lemma penalized_max_not_interior:
  assumes sub: "\<And>t p. t \<in> {0<..<T} \<Longrightarrow> 0 \<le> ut t p + 1/2*\<sigma>^2*upp t p + C*(up t p)^2"
    and t\<^sub>0: "t\<^sub>0 \<in> {0<..<T}" and \<epsilon>: "0 < \<epsilon>" and \<eta>: "\<epsilon>*(\<sigma>^2 + 4*\<bar>C\<bar>*M) < \<eta>"
    and max: "\<And>t p. t \<in> {t\<^sub>0..T} \<Longrightarrow>
                u t p - \<eta>*(T - t) - \<epsilon>*p^2 \<le> u t\<^sub>0 p\<^sub>0 - \<eta>*(T - t\<^sub>0) - \<epsilon>*p\<^sub>0^2"
    and small: "\<epsilon>*p\<^sub>0^2 \<le> M"
  shows False
proof -
  define z where "z t p = u t p - \<eta>*(T - t) - \<epsilon>*p^2" for t p
  have t\<^sub>0': "t\<^sub>0 \<in> {0..T}"
    using t\<^sub>0 by simp
  have "z t\<^sub>0 q \<le> z t\<^sub>0 p\<^sub>0" for q
    using max t\<^sub>0 unfolding z_def by simp
  moreover have "((\<lambda>q. z t\<^sub>0 q) has_real_derivative up t\<^sub>0 q - 2*\<epsilon>*q) (at q)" for q
    unfolding z_def using deriv_p[OF t\<^sub>0'] by (auto intro!: derivative_eq_intros)
  moreover have "((\<lambda>q. up t\<^sub>0 q - 2*\<epsilon>*q) has_real_derivative upp t\<^sub>0 p\<^sub>0 - 2*\<epsilon>) (at p\<^sub>0)"
    using deriv_pp[OF t\<^sub>0'] by (auto intro!: derivative_eq_intros)
  ultimately have "up t\<^sub>0 p\<^sub>0 - 2*\<epsilon>*p\<^sub>0 = 0" and "upp t\<^sub>0 p\<^sub>0 - 2*\<epsilon> \<le> 0"
    by (rule DERIV_second_nonpos_at_max)+
  then have up: "up t\<^sub>0 p\<^sub>0 = 2*\<epsilon>*p\<^sub>0" and upp: "upp t\<^sub>0 p\<^sub>0 \<le> 2*\<epsilon>"
    by simp_all
  have "((\<lambda>t. z t p\<^sub>0) has_real_derivative ut t\<^sub>0 p\<^sub>0 + \<eta>) (at t\<^sub>0)"
    unfolding z_def using deriv_t[OF t\<^sub>0] by (auto intro!: derivative_eq_intros)
  then have ut: "ut t\<^sub>0 p\<^sub>0 + \<eta> \<le> 0"
    by (rule DERIV_nonpos_at_left_max[where T=T, rotated 2]) (use max t\<^sub>0 in \<open>auto simp: z_def\<close>)
  have "1/2*\<sigma>^2*upp t\<^sub>0 p\<^sub>0 \<le> \<sigma>^2*\<epsilon>"
    using mult_left_mono[OF upp, of "\<sigma>^2/2"] by simp
  moreover have "C*(up t\<^sub>0 p\<^sub>0)^2 \<le> \<bar>C\<bar>*(up t\<^sub>0 p\<^sub>0)^2"
    by (simp add: mult_right_mono)
  moreover have "\<bar>C\<bar>*(up t\<^sub>0 p\<^sub>0)^2 = 4*\<bar>C\<bar>*\<epsilon>*(\<epsilon>*p\<^sub>0^2)"
    using up by (simp add: power2_eq_square)
  moreover have "4*\<bar>C\<bar>*\<epsilon>*(\<epsilon>*p\<^sub>0^2) \<le> 4*\<bar>C\<bar>*\<epsilon>*M"
    using small \<epsilon> by (intro mult_left_mono) auto
  ultimately show False
    using sub[OF t\<^sub>0, of p\<^sub>0] ut \<eta> by (simp add: algebra_simps)
qed

lemma subsolution_penalized_bound:
  assumes sub: "\<And>t p. t \<in> {0<..<T} \<Longrightarrow> 0 \<le> ut t p + 1/2*\<sigma>^2*upp t p + C*(up t p)^2"
    and terminal: "\<And>p. u T p \<le> 0"
    and M: "\<And>t p. t \<in> {0..T} \<Longrightarrow> \<bar>u t p\<bar> \<le> M"
    and s: "s \<in> {0<..T}" and \<epsilon>: "0 < \<epsilon>" and t: "t \<in> {s..T}"
  shows "u t p \<le> \<epsilon>*(\<sigma>^2 + 4*\<bar>C\<bar>*M + 1)*(T - t) + \<epsilon>*p^2"
proof -
  define \<eta> where "\<eta> = \<epsilon>*(\<sigma>^2 + 4*\<bar>C\<bar>*M + 1)"
  define z where "z t p = u t p - \<eta>*(T - t) - \<epsilon>*p^2" for t p
  have \<eta>: "0 \<le> \<eta>" "\<epsilon>*(\<sigma>^2 + 4*\<bar>C\<bar>*M) < \<eta>"
    using \<epsilon> bound_nonneg[OF M] by (simp_all add: \<eta>_def algebra_simps)
  obtain t\<^sub>0 p\<^sub>0 where t\<^sub>0: "t\<^sub>0 \<in> {s..T}"
    and max: "\<And>t p. t \<in> {s..T} \<Longrightarrow> z t p \<le> z t\<^sub>0 p\<^sub>0"
    using penalized_attains_max[OF M _ \<epsilon> \<eta>(1), of s] s unfolding z_def by auto
  have "z t\<^sub>0 p\<^sub>0 \<le> 0"
  proof (rule ccontr)
    assume pos: "\<not> z t\<^sub>0 p\<^sub>0 \<le> 0"
    have "u t\<^sub>0 p\<^sub>0 \<le> M" "0 \<le> \<eta>*(T - t\<^sub>0)" "0 \<le> \<epsilon>*p\<^sub>0^2"
      using M[of t\<^sub>0 p\<^sub>0] t\<^sub>0 s \<eta> \<epsilon> by auto
    then have "\<epsilon>*p\<^sub>0^2 \<le> M" and "t\<^sub>0 \<noteq> T"
      using pos terminal[of p\<^sub>0] unfolding z_def by auto
    moreover have "z t p \<le> z t\<^sub>0 p\<^sub>0" if "t \<in> {t\<^sub>0..T}" for t p
      using max that t\<^sub>0 by auto
    moreover have "t\<^sub>0 \<in> {0<..<T}"
      using \<open>t\<^sub>0 \<noteq> T\<close> t\<^sub>0 s by auto
    ultimately show False
      using penalized_max_not_interior[OF sub _ \<epsilon> \<eta>(2), of t\<^sub>0 p\<^sub>0] unfolding z_def by blast
  qed
  then show ?thesis
    using max[OF t, of p] unfolding z_def \<eta>_def by simp
qed

theorem subsolution_maximum_principle:
  assumes sub: "\<And>t p. t \<in> {0<..<T} \<Longrightarrow> 0 \<le> ut t p + 1/2*\<sigma>^2*upp t p + C*(up t p)^2"
    and terminal: "\<And>p. u T p \<le> 0"
    and t: "t \<in> {0..T}"
  shows "u t p \<le> 0"
proof -
  obtain M where M: "\<And>t p. t \<in> {0..T} \<Longrightarrow> \<bar>u t p\<bar> \<le> M"
    using bounded unfolding bounded_real by fastforce
  then have M0: "0 \<le> M"
    by (rule bound_nonneg)
  define K where "K = \<sigma>^2 + 4*\<bar>C\<bar>*M + 1"
  have "u t p \<le> 0" if t: "t \<in> {0<..T}" for t p
  proof (rule field_le_epsilon)
    fix e :: real
    assume "0 < e"
    define D where "D = K*(T - t) + p^2 + 1"
    have "0 < D"
      using t M0 by (simp add: D_def K_def add_nonneg_pos)
    define \<epsilon> where "\<epsilon> = e/D"
    have "u t p \<le> \<epsilon>*K*(T - t) + \<epsilon>*p^2"
      using subsolution_penalized_bound[OF sub terminal M t, of \<epsilon> t p] t \<open>0 < e\<close> \<open>0 < D\<close>
      by (simp add: K_def \<epsilon>_def)
    also have "\<dots> = \<epsilon>*D - \<epsilon>"
      by (simp add: D_def algebra_simps)
    also have "\<dots> \<le> e"
      using \<open>0 < D\<close> \<open>0 < e\<close> by (simp add: \<epsilon>_def)
    finally show "u t p \<le> 0 + e"
      by simp
  qed
  moreover have "continuous_on {0..T} (\<lambda>t. u t p)"
    by (rule continuous_on_compose2[OF continuous, of _ "\<lambda>t. (t, p)", simplified])
      (auto intro!: continuous_intros)
  ultimately show ?thesis
    using continuous_le_on_closure[of "{0<..T}" "\<lambda>t. u t p" t 0] t T_pos by auto
qed

lemma uminus:
  "bounded_C12_function T (\<lambda>t p. - u t p) (\<lambda>t p. - ut t p) (\<lambda>t p. - up t p) (\<lambda>t p. - upp t p)"
proof
  have "(\<lambda>(t, p). - u t p) = (\<lambda>x. - (\<lambda>(t, p). u t p) x)"
    by auto
  then show "bounded ((\<lambda>(t, p). - u t p) ` ({0..T} \<times> UNIV))"
    and "continuous_on ({0..T} \<times> UNIV) (\<lambda>(t, p). - u t p)"
    using bounded continuous by (auto intro: continuous_on_minus)
qed (use T_pos deriv_t deriv_p deriv_pp in \<open>auto intro!: derivative_eq_intros\<close>)

lemma solution_vanishes:
  assumes eq: "\<And>t p. t \<in> {0<..<T} \<Longrightarrow> ut t p + 1/2*\<sigma>^2*upp t p + C*(up t p)^2 = 0"
    and terminal: "\<And>p. u T p = 0"
    and t: "t \<in> {0..T}"
  shows "u t p = 0" and "up t p = 0"
proof -
  interpret neg: bounded_C12_function T "\<lambda>t p. - u t p" "\<lambda>t p. - ut t p" "\<lambda>t p. - up t p"
      "\<lambda>t p. - upp t p"
    by (rule uminus)
  have "u t q \<le> 0" for q
    by (rule subsolution_maximum_principle[where \<sigma>=\<sigma> and C=C]) (use eq terminal t in auto)
  moreover have "- u t q \<le> 0" for q
  proof (rule neg.subsolution_maximum_principle[where \<sigma>=\<sigma> and C="- C"])
    show "0 \<le> - ut s r + 1/2*\<sigma>^2*(- upp s r) + - C*(- up s r)^2" if "s \<in> {0<..<T}" for s r
      using eq[OF that, of r] by simp
  qed (use terminal t in auto)
  ultimately have zero: "u t = (\<lambda>q. 0)"
    by (intro ext antisym) auto
  then show "u t p = 0"
    by simp
  show "up t p = 0"
    using deriv_p[OF t, of p] DERIV_const DERIV_unique unfolding zero by blast
qed

end

lemma bounded_C12_function_sum:
  assumes "0 < T" and "finite I"
    and "\<And>i. i \<in> I \<Longrightarrow> bounded_C12_function T (u i) (ut i) (up i) (upp i)"
  shows "bounded_C12_function T (\<lambda>t p. \<Sum>i\<in>I. u i t p) (\<lambda>t p. \<Sum>i\<in>I. ut i t p)
           (\<lambda>t p. \<Sum>i\<in>I. up i t p) (\<lambda>t p. \<Sum>i\<in>I. upp i t p)"
proof -
  have "(\<lambda>(t, p). \<Sum>i\<in>I. u i t p) = (\<lambda>x. \<Sum>i\<in>I. (\<lambda>(t, p). u i t p) x)"
    by auto
  then show ?thesis
    using assms unfolding bounded_C12_function_def
    by (auto intro!: bounded_sum_comp continuous_on_sum DERIV_sum)
qed

lemma sum_Xdot_eq_Xstar: "(\<Sum>j=1..N. Xdot N lam kap vp j t p) = Xstar N lam kap vp t p"
proof -
  have "(\<Sum>j=1..N. Xdot N lam kap vp j t p)
      = lam / kap * ((\<Sum>i=1..N. vp i t p) - real N * (1 / (real N + 1) * (\<Sum>i=1..N. vp i t p)))"
    unfolding Xdot_def
    by (simp only: sum_distrib_left[symmetric] sum_subtractf sum_constant card_atLeastAtMost) simp
  also have "\<dots> = Xstar N lam kap vp t p"
    unfolding Xstar_def by (simp add: field_simps)
  finally show ?thesis .
qed

lemma sum_equilibrium_pde:
  fixes N :: nat and lam kap \<sigma> :: real and vt vp vpp :: "nat \<Rightarrow> real \<Rightarrow> real \<Rightarrow> real"
  defines "c \<equiv> lam / (kap * (real N + 1))"
  shows "(\<Sum>j=1..N. vt j t p + 1/2*\<sigma>^2* vpp j t p + lam * Xstar N lam kap vp t p * vp j t p
                    - kap * Xdot N lam kap vp j t p * Xstar N lam kap vp t p)
       = (\<Sum>j=1..N. vt j t p) + 1/2*\<sigma>^2*(\<Sum>j=1..N. vpp j t p)
         + (lam*c - kap*c^2) * (\<Sum>j=1..N. vp j t p)^2"
proof -
  have "Xstar N lam kap vp t p = c * (\<Sum>j=1..N. vp j t p)"
    unfolding Xstar_def c_def ..
  moreover have "(\<Sum>j=1..N. vt j t p + 1/2*\<sigma>^2 * vpp j t p + lam * Xstar N lam kap vp t p * vp j t p
                    - kap * Xdot N lam kap vp j t p * Xstar N lam kap vp t p)
      = (\<Sum>j=1..N. vt j t p) + 1/2*\<sigma>^2*(\<Sum>j=1..N. vpp j t p)
        + lam * Xstar N lam kap vp t p * (\<Sum>j=1..N. vp j t p)
        - kap * (\<Sum>j=1..N. Xdot N lam kap vp j t p) * Xstar N lam kap vp t p"
    by (simp add: sum.distrib sum_subtractf sum_distrib_left sum_distrib_right)
  ultimately show ?thesis
    unfolding sum_Xdot_eq_Xstar by (simp add: power2_eq_square algebra_simps)
qed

■ ■ ■ ■ ■

--- ABOUT THIS EXERCISE ---
Wherever the string "obtain" shows up in the material, copy the line that holds it.

--- WRITTEN REPLY ---
  obtain t\<^sub>0 p\<^sub>0 where t\<^sub>0: "t\<^sub>0 \<in> {s..T}"
  obtain M where M: "\<And>t p. t \<in> {0..T} \<Longrightarrow> \<bar>u t p\<bar> \<le> M"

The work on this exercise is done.